[Required work] Only lines with the word "Union" belong in the answer; copy them from the records below.

[Input records]

lemma (in sigma_algebra) sigma_ideal_sigma_finite_sets: "sigma_ideal M (sigma_finite_sets M \<tau>)"
  unfolding sigma_ideal_def
proof (intro conjI allI impI ballI)
  show "sigma_finite_sets M \<tau> \<subseteq> M" unfolding sigma_finite_sets_def by blast
  have "{} \<in> sigma_finite_sets M \<tau>"
    unfolding sigma_finite_sets_def by (intro CollectI conjI exI[of _ "{}"]) auto
  then show "sigma_finite_sets M \<tau> \<noteq> {}" by blast
  show "T \<in> sigma_finite_sets M \<tau>" if S: "S \<in> sigma_finite_sets M \<tau>" "T \<in> M" "T \<subseteq> S" for S T
  proof -
    obtain C where "countable C" "C \<subseteq> {A\<in>M. \<tau> A < \<infinity>}" "S \<subseteq> \<Union>C"
      using S(1) unfolding sigma_finite_sets_def by blast
    then show ?thesis
      using S(2,3) unfolding sigma_finite_sets_def by (intro CollectI conjI exI[of _ C]) auto
  qed
  fix F :: "nat \<Rightarrow> 'a set" assume F: "range F \<subseteq> sigma_finite_sets M \<tau>"
  then have "\<forall>j. \<exists>C. countable C \<and> C \<subseteq> {A\<in>M. \<tau> A < \<infinity>} \<and> F j \<subseteq> \<Union>C"
    unfolding sigma_finite_sets_def by (auto simp: image_subset_iff)
  then obtain C where C: "\<forall>j. countable (C j) \<and> C j \<subseteq> {A\<in>M. \<tau> A < \<infinity>} \<and> F j \<subseteq> \<Union>(C j)"
    by (rule choice[THEN exE])
  have "(\<Union>j. F j) \<in> M"
    using F unfolding sigma_finite_sets_def by (intro countable_nat_UN) blast
  moreover have "countable (\<Union>j. C j)" using C by auto
  moreover have "(\<Union>j. C j) \<subseteq> {A\<in>M. \<tau> A < \<infinity>}" using C by blast
  moreover have "(\<Union>j. F j) \<subseteq> \<Union>(\<Union>j. C j)"
  proof (rule UN_least)
    fix j
    have "F j \<subseteq> \<Union>(C j)" using C by blast
    also have "\<dots> \<subseteq> \<Union>(\<Union>j. C j)" by (intro Union_mono) blast
    finally show "F j \<subseteq> \<Union>(\<Union>j. C j)" .
  qed
  ultimately show "(\<Union>j. F j) \<in> sigma_finite_sets M \<tau>"
    unfolding sigma_finite_sets_def by (intro CollectI conjI exI[of _ "\<Union>j. C j"])
qed
(* Let $\Gamma$ be a finite connected tetravalent $G$-half-arc-transitive graph for some $G\le\mathrm{Aut}(\Gamma)$ with $\mathrm{rad}_G(\Gamma)=3$ and $\mathrm{att}_G(\Gamma)=2$, and let $\Lambda=\mathrm{Alt}_G(\Gamma)$. Then the group $G$ induces an action on $\Lambda$ which is transitive on the $2$-arcs of $\Lambda$, and $\mathrm{Dart}(\Lambda)\cong\Gamma$. In fact, there is an isomorphism $\Psi\colon\mathrm{Dart}(\Lambda)\to\Gamma$ mapping the natural orientation of $\mathrm{Dart}(\Lambda)$ to one of the two $G$-induced orientations of $\Gamma$.
   Context: All graphs are finite and simple. For a tetravalent graph $\Gamma$ and $G\le \mathrm{Aut}(\Gamma)$, $\Gamma$ is $G$-half-arc-transitive if $G$ acts transitively on vertices and edges but not on arcs; then the two $G$-orbits on arcs give two paired ($G$-induced) orientations of the edges, and each vertex is the tail of two and head of two incident edges. A $G$-alternating cycle is a cycle in which every two consecutive edges have a common head or a common tail. All have length $2\,\mathrm{rad}_G(\Gamma)$, and any two sharing a vertex meet in $\mathrm{att}_G(\Gamma)$ vertices. $\mathrm{Alt}_G(\Gamma)$ is the graph whose vertices are the $G$-alternating cycles, two adjacent iff they share a vertex; $G$ acts on it naturally. A $2$-arc is a walk $(x,y,z)$ with $x\ne z$. For a cubic graph $\Lambda$, $\mathrm{Dart}(\Lambda)$ has as vertices the arcs of $\Lambda$, with $(u,v)$ adjacent to $(u',v')$ iff either $u'=v$ and $u\neq v'$, or $u=v'$ and $u'\neq v$; its natural orientation orients the edge $(u,v)(v,w)$ from $(u,v)$ to $(v,w)$. *)

theory Defs
  imports "HOL-Algebra.Bij"
begin

definition simple_graph :: "'a set \<Rightarrow> ('a \<Rightarrow> 'a \<Rightarrow> bool) \<Rightarrow> bool" where
  "simple_graph V E \<longleftrightarrow> finite V \<and> (\<forall>x y. E x y \<longrightarrow> x \<in> V \<and> y \<in> V \<and> x \<noteq> y \<and> E y x)"

definition connected_graph :: "'a set \<Rightarrow> ('a \<Rightarrow> 'a \<Rightarrow> bool) \<Rightarrow> bool" where
  "connected_graph V E \<longleftrightarrow> (\<forall>u\<in>V. \<forall>v\<in>V. E\<^sup>*\<^sup>* u v)"

definition tetravalent :: "'a set \<Rightarrow> ('a \<Rightarrow> 'a \<Rightarrow> bool) \<Rightarrow> bool" where
  "tetravalent V E \<longleftrightarrow> (\<forall>v\<in>V. card {u. E v u} = 4)"

definition graph_edges :: "('a \<Rightarrow> 'a \<Rightarrow> bool) \<Rightarrow> 'a set set" where
  "graph_edges E = {{u, v} | u v. E u v}"

definition graph_arcs :: "('a \<Rightarrow> 'a \<Rightarrow> bool) \<Rightarrow> ('a \<times> 'a) set" where
  "graph_arcs E = {(u, v). E u v}"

[Expected output]
    obtain C where "countable C" "C \<subseteq> {A\<in>M. \<tau> A < \<infinity>}" "S \<subseteq> \<Union>C"
  then have "\<forall>j. \<exists>C. countable C \<and> C \<subseteq> {A\<in>M. \<tau> A < \<infinity>} \<and> F j \<subseteq> \<Union>C"
  then obtain C where C: "\<forall>j. countable (C j) \<and> C j \<subseteq> {A\<in>M. \<tau> A < \<infinity>} \<and> F j \<subseteq> \<Union>(C j)"
  have "(\<Union>j. F j) \<in> M"
  moreover have "countable (\<Union>j. C j)" using C by auto
  moreover have "(\<Union>j. C j) \<subseteq> {A\<in>M. \<tau> A < \<infinity>}" using C by blast
  moreover have "(\<Union>j. F j) \<subseteq> \<Union>(\<Union>j. C j)"
    have "F j \<subseteq> \<Union>(C j)" using C by blast
    also have "\<dots> \<subseteq> \<Union>(\<Union>j. C j)" by (intro Union_mono) blast
    finally show "F j \<subseteq> \<Union>(\<Union>j. C j)" .
  ultimately show "(\<Union>j. F j) \<in> sigma_finite_sets M \<tau>"
    unfolding sigma_finite_sets_def by (intro CollectI conjI exI[of _ "\<Union>j. C j"])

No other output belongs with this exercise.